194 Misc. 47 | N.Y. Sur. Ct. | 1948

Collins, S.

The petitioner herein has offered for probate two wills, one dated March 21, 1946, and the other dated July —, 1946. It is undisputed that the latter will was not executed in accordance with our statutes and on the basis of the testimony must be denied probate.

The proponent urges the application to the situation here of the so-called doctrine of dependent relative revocation. He argues that if deceased revoked her March will by destroying it, it was done so under the mistaken belief' that the July will was valid; that had she known that the July will could not be probated she would not have destroyed the March will; that her intent to revoke it was only conditional and based upon a mistake and that therefore it was not legally revoked. There is no testimony as to whether deceased destroyed the March will before or after the making of the July will. In any event the doctrine of dependent relative revocation has never been recognized here (Matter of McCaffrey, 174 Misc. 162, and cases cited therein). As stated by the late Surrogate Foley in that case (p. 173): The history of our statutes, the decisions and our public policy exclude the existence of the doctrine of dependent relative revocation as a rule of law in this state.” The unexecuted carbon copy of the March will is, therefore, also denied probate.
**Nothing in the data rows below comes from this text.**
lemma threshold_in_M_iff:
  assumes b: "b \<in> B"
  shows "threshold k b \<in> M \<longleftrightarrow> k \<le> level M b"
proof -
  have oM: "one_I \<in> M" and zM: "zero_I \<notin> M" using M unfolding prime_sat_filter_def by auto
  define K where "K = {k. k \<le> n \<and> threshold k b \<in> M}"
  have fin: "finite K" unfolding K_def by (rule finite_subset[of _ "{..n}"]) auto
  have "0 \<in> K" unfolding K_def using threshold_zero[OF b] oM by simp
  then have "level M b \<in> K" unfolding level_def K_def[symmetric] using Max_in[OF fin] by blast
  then have top: "threshold (level M b) b \<in> M" unfolding K_def by simp
  show ?thesis
  proof
    assume kM: "threshold k b \<in> M"
    then have "k \<le> n" using threshold_beyond[OF b] zM by (metis not_le)
    then show "k \<le> level M b"
      unfolding level_def K_def[symmetric] using fin kM by (simp add: K_def)
  next
    assume "k \<le> level M b"
    then show "threshold k b \<in> M"
      using sat_filter_up[OF M_sat_filter top threshold_in_B[OF b]] threshold_antimono[OF b] by blast
  qed
qed

lemma level_le:
  assumes b: "b \<in> B"
  shows "level M b \<le> n"
proof (rule ccontr)
  assume "\<not> level M b \<le> n"
  then have "threshold (level M b) b = zero_I" using threshold_beyond[OF b] by simp
  moreover have "threshold (level M b) b \<in> M" using threshold_in_M_iff[OF b] by simp
  ultimately show False using M unfolding prime_sat_filter_def by simp
qed

lemma level_h_cong:
  assumes b: "b \<in> B" and c: "c \<in> B" and bc: "h b = h c"
  shows "level M b = level M c"
proof (rule eq_if_same_lower_bounds)
  fix k
  have "threshold k b \<in> M \<longleftrightarrow> threshold k c \<in> M"
    using threshold_cong[OF b c bc, of k] sat_filter_h_cong[OF M_sat_filter]
      threshold_in_B[OF b] threshold_in_B[OF c] by auto
  then show "k \<le> level M b \<longleftrightarrow> k \<le> level M c" by (simp add: threshold_in_M_iff b c)
qed

lemma level_inf:
  assumes b: "b \<in> B" and c: "c \<in> B"
  shows "level M (inf b c) = min (level M b) (level M c)"
proof (rule eq_if_same_lower_bounds)
  fix k
  have "threshold k (inf b c) \<in> M \<longleftrightarrow> threshold k b \<in> M \<and> threshold k c \<in> M"
    unfolding threshold_inf[OF b c]
    using sat_filter_inf[OF M_sat_filter]
      sat_filter_up[OF M_sat_filter _ threshold_in_B[OF b] inf_le1]
      sat_filter_up[OF M_sat_filter _ threshold_in_B[OF c] inf_le2] by blast
  then show "k \<le> level M (inf b c) \<longleftrightarrow> k \<le> min (level M b) (level M c)"
    by (simp add: threshold_in_M_iff b c B_closed)
qed

lemma level_sup:
  assumes b: "b \<in> B" and c: "c \<in> B"
  shows "level M (sup b c) = max (level M b) (level M c)"
proof (rule eq_if_same_lower_bounds)
  fix k
  have "threshold k (sup b c) \<in> M \<longleftrightarrow> threshold k b \<in> M \<or> threshold k c \<in> M"
    unfolding threshold_sup[OF b c]
    using M_prime[OF threshold_in_B[OF b] threshold_in_B[OF c]]
      sat_filter_up[OF M_sat_filter _ B_closed(2)[OF threshold_in_B[OF b] threshold_in_B[OF c]]]
    by (meson sup_ge1 sup_ge2)
  then show "k \<le> level M (sup b c) \<longleftrightarrow> k \<le> max (level M b) (level M c)"
    by (auto simp: threshold_in_M_iff b c B_closed)
qed

lemma level_add:
  assumes b: "b \<in> B" and c: "c \<in> B"
  shows "level M (add_I b c) = min n (level M b + level M c)"
proof -
  let ?i = "level M b" and ?j = "level M c"
  have bc: "add_I b c \<in> B" using B_closed(3)[OF b c] .
  have "inf (threshold ?i b) (threshold ?j c) \<in> M"
    using sat_filter_inf[OF M_sat_filter] threshold_in_M_iff[OF b] threshold_in_M_iff[OF c] by blast
  then have "threshold (min n (?i + ?j)) (add_I b c) \<in> M"
    using sat_filter_up[OF M_sat_filter _ threshold_in_B[OF bc] threshold_add_I(1)[OF b c]] by blast
  then have lower: "min n (?i + ?j) \<le> level M (add_I b c)" by (simp add: threshold_in_M_iff bc)
  have "\<not> threshold (?i + ?j + 1) (add_I b c) \<in> M"
  proof
    assume "threshold (?i + ?j + 1) (add_I b c) \<in> M"
    then have "sup (threshold (?i + 1) b) (threshold (?j + 1) c) \<in> M"
      using sat_filter_up[OF M_sat_filter _
          B_closed(2)[OF threshold_in_B[OF b] threshold_in_B[OF c]] threshold_add_I(2)[OF b c]]
      by blast
    then have "?i + 1 \<le> ?i \<or> ?j + 1 \<le> ?j"
      using M_prime[OF threshold_in_B[OF b] threshold_in_B[OF c]]
        threshold_in_M_iff[OF b] threshold_in_M_iff[OF c] by blast
    then show False by simp
  qed
  then have "level M (add_I b c) \<le> ?i + ?j" by (simp add: threshold_in_M_iff bc)
  then show ?thesis using lower level_le[OF bc] by linarith
qed

lemma level_mul:
  assumes b: "b \<in> B" and c: "c \<in> B"
  shows "level M (mul_I b c) = level M b + level M c - n"
proof -
  let ?i = "level M b" and ?j = "level M c"
  have bc: "mul_I b c \<in> B" using B_closed(4)[OF b c] .
  have "inf (threshold ?i b) (threshold ?j c) \<in> M"
    using sat_filter_inf[OF M_sat_filter] threshold_in_M_iff[OF b] threshold_in_M_iff[OF c] by blast
  then have "threshold (?i + ?j - n) (mul_I b c) \<in> M"
    using sat_filter_up[OF M_sat_filter _ threshold_in_B[OF bc]]
      threshold_mul_I(1)[OF b c level_le[OF b] level_le[OF c]] by blast
  then have lower: "?i + ?j - n \<le> level M (mul_I b c)" by (simp add: threshold_in_M_iff bc)
  have "\<not> threshold (?i + ?j - n + 1) (mul_I b c) \<in> M"
  proof
    assume "threshold (?i + ?j - n + 1) (mul_I b c) \<in> M"
    then have "sup (threshold (?i + 1) b) (threshold (?j + 1) c) \<in> M"
      using sat_filter_up[OF M_sat_filter _
          B_closed(2)[OF threshold_in_B[OF b] threshold_in_B[OF c]] threshold_mul_I(2)[OF b c]]
      by blast
    then have "?i + 1 \<le> ?i \<or> ?j + 1 \<le> ?j"
      using M_prime[OF threshold_in_B[OF b] threshold_in_B[OF c]]
        threshold_in_M_iff[OF b] threshold_in_M_iff[OF c] by blast
    then show False by simp
  qed
  then have "level M (mul_I b c) \<le> ?i + ?j - n" by (simp add: threshold_in_M_iff bc)
  then show ?thesis using lower by linarith
qed

lemma level_zero: "level M zero_I = 0"
proof -
  have "threshold 1 zero_I = zero_I"
    by (rule B_eqI[OF threshold_in_B[OF B_zero_one(1)] B_zero_one(1)])
      (simp add: threshold_apply thr_def zero_I_def)
  then show ?thesis
    using threshold_in_M_iff[OF B_zero_one(1), of 1] M unfolding prime_sat_filter_def by auto
qed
In the alternative, proponent seeks probate of the March, 1946, will, offering an unexecuted carbon copy which remained in the possession of the attorney for the deceased. The original will was delivered to the deceased by her attorney and was not found after her death. The presumption, therefore, follows that it was destroyed by her in her lifetime with the intention of revoking it.

Submit decree on notice denying probate to both propounded instruments accordingly.